ABOUT THIS EXERCISE – Take every line from the entries below that includes the word "cases" and copy it.

══════════

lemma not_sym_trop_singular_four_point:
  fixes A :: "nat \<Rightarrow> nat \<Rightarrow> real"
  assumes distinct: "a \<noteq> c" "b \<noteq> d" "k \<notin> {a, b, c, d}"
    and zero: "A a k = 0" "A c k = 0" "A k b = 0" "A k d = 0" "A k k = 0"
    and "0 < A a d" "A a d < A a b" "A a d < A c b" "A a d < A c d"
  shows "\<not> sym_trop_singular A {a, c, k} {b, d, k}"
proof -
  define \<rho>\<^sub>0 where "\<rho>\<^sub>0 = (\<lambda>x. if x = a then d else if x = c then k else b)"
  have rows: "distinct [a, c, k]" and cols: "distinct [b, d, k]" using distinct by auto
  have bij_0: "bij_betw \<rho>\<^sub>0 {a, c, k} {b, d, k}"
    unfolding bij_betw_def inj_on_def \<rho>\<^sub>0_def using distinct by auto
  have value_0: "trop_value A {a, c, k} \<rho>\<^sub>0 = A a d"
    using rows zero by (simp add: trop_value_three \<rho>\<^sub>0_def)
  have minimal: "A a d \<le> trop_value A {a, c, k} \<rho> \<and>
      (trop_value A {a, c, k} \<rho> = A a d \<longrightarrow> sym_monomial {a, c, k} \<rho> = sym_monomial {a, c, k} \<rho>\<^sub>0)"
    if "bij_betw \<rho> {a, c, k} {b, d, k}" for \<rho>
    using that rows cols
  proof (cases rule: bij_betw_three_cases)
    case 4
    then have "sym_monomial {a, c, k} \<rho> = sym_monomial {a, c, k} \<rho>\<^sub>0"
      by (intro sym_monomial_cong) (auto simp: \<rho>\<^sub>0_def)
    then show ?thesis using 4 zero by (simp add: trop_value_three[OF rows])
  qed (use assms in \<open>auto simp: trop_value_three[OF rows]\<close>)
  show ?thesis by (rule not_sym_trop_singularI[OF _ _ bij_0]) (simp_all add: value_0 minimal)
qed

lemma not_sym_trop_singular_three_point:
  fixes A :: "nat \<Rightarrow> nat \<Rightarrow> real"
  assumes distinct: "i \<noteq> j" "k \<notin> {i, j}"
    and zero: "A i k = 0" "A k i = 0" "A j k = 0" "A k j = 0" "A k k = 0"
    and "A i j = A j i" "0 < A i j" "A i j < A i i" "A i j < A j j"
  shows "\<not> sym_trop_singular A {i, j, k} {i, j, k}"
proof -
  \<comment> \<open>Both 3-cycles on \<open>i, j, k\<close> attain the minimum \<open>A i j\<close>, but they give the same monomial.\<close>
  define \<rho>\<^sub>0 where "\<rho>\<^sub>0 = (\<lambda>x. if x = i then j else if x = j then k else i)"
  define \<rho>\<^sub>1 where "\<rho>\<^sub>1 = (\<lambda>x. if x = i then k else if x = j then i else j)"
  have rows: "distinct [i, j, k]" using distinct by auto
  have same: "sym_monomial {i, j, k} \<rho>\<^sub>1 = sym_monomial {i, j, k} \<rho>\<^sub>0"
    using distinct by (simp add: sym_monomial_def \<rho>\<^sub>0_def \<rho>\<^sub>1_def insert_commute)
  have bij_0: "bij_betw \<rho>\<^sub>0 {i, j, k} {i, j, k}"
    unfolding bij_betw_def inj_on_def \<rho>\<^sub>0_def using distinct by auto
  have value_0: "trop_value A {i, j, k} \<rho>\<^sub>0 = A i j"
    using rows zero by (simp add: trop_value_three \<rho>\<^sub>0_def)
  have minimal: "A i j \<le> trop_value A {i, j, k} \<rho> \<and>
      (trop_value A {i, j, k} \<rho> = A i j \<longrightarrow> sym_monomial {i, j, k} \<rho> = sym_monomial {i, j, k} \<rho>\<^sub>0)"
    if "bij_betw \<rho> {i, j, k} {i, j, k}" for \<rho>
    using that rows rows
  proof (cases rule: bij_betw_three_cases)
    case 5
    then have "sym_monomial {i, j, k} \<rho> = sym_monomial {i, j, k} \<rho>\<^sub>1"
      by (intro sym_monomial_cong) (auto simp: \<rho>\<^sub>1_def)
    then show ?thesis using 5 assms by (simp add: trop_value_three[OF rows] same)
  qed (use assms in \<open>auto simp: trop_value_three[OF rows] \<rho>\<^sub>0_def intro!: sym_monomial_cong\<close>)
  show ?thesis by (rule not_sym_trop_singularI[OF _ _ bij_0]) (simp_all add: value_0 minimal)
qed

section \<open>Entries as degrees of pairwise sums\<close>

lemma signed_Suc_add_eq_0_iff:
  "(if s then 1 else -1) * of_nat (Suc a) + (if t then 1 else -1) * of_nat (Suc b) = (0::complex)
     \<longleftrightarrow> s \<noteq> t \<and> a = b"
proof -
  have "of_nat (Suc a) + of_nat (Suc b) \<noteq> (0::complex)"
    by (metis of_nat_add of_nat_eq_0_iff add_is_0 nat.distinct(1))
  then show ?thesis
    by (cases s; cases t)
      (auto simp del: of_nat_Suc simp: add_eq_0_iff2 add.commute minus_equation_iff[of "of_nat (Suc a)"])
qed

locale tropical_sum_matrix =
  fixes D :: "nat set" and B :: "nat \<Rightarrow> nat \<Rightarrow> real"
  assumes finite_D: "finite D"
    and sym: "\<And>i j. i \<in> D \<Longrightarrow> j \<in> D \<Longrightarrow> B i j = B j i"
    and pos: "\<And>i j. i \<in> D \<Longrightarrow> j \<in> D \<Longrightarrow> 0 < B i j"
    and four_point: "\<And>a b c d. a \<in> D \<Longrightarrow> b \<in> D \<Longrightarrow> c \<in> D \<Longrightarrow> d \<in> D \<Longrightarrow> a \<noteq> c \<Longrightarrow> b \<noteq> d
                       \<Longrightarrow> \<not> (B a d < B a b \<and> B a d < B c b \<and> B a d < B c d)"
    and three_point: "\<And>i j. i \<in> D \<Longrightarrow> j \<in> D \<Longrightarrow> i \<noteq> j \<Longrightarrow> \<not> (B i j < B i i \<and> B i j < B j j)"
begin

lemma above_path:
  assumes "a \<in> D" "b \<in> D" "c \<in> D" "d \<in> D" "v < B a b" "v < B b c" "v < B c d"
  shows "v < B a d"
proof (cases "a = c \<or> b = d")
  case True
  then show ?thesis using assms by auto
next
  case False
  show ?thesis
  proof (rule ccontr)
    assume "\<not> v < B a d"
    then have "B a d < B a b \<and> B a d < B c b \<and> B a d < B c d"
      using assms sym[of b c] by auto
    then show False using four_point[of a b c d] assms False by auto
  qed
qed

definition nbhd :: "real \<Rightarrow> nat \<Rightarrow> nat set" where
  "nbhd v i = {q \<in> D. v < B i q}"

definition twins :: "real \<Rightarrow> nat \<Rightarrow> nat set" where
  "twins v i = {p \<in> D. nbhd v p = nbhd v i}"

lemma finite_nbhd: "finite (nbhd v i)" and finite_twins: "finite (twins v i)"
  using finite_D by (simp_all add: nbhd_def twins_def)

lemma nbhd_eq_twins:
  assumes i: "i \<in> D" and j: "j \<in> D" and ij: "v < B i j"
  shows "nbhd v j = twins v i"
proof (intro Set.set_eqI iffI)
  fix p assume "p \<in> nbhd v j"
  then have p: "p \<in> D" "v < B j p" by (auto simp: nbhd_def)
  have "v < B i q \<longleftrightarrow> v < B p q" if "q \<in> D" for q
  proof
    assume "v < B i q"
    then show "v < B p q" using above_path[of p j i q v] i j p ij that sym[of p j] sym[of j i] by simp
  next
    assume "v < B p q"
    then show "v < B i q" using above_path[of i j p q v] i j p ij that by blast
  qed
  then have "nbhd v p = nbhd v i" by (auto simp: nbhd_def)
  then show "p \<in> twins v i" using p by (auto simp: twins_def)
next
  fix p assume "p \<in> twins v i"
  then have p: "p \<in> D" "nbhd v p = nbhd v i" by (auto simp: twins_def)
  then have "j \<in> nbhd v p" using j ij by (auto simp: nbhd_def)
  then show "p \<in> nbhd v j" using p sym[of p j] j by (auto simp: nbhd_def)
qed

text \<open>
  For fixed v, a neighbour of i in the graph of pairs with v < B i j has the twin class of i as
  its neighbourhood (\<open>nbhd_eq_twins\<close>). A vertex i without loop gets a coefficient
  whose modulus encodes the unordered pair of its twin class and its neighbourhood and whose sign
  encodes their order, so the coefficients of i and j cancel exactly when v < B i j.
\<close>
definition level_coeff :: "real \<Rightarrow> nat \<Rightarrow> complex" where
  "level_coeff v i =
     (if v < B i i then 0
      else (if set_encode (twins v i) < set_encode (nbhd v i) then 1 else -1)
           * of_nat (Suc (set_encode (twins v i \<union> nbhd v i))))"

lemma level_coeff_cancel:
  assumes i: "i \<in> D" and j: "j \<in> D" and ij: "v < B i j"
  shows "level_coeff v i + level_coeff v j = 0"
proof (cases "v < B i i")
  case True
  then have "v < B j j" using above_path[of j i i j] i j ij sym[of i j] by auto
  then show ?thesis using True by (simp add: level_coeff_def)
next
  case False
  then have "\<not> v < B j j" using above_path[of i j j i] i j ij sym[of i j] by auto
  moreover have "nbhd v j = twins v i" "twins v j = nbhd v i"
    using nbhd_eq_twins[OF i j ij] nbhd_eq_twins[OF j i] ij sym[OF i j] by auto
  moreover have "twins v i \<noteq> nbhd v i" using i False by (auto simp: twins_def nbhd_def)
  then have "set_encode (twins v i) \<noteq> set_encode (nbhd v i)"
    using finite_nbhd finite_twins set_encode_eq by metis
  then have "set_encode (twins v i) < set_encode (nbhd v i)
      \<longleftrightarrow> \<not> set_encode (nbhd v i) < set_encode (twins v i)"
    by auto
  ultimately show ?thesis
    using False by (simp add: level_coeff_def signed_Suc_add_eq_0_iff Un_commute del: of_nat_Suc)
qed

══════════

RESULT FOR THIS EXERCISE –
  proof (cases rule: bij_betw_three_cases)
  proof (cases rule: bij_betw_three_cases)
    by (cases s; cases t)
proof (cases "a = c \<or> b = d")
proof (cases "v < B i i")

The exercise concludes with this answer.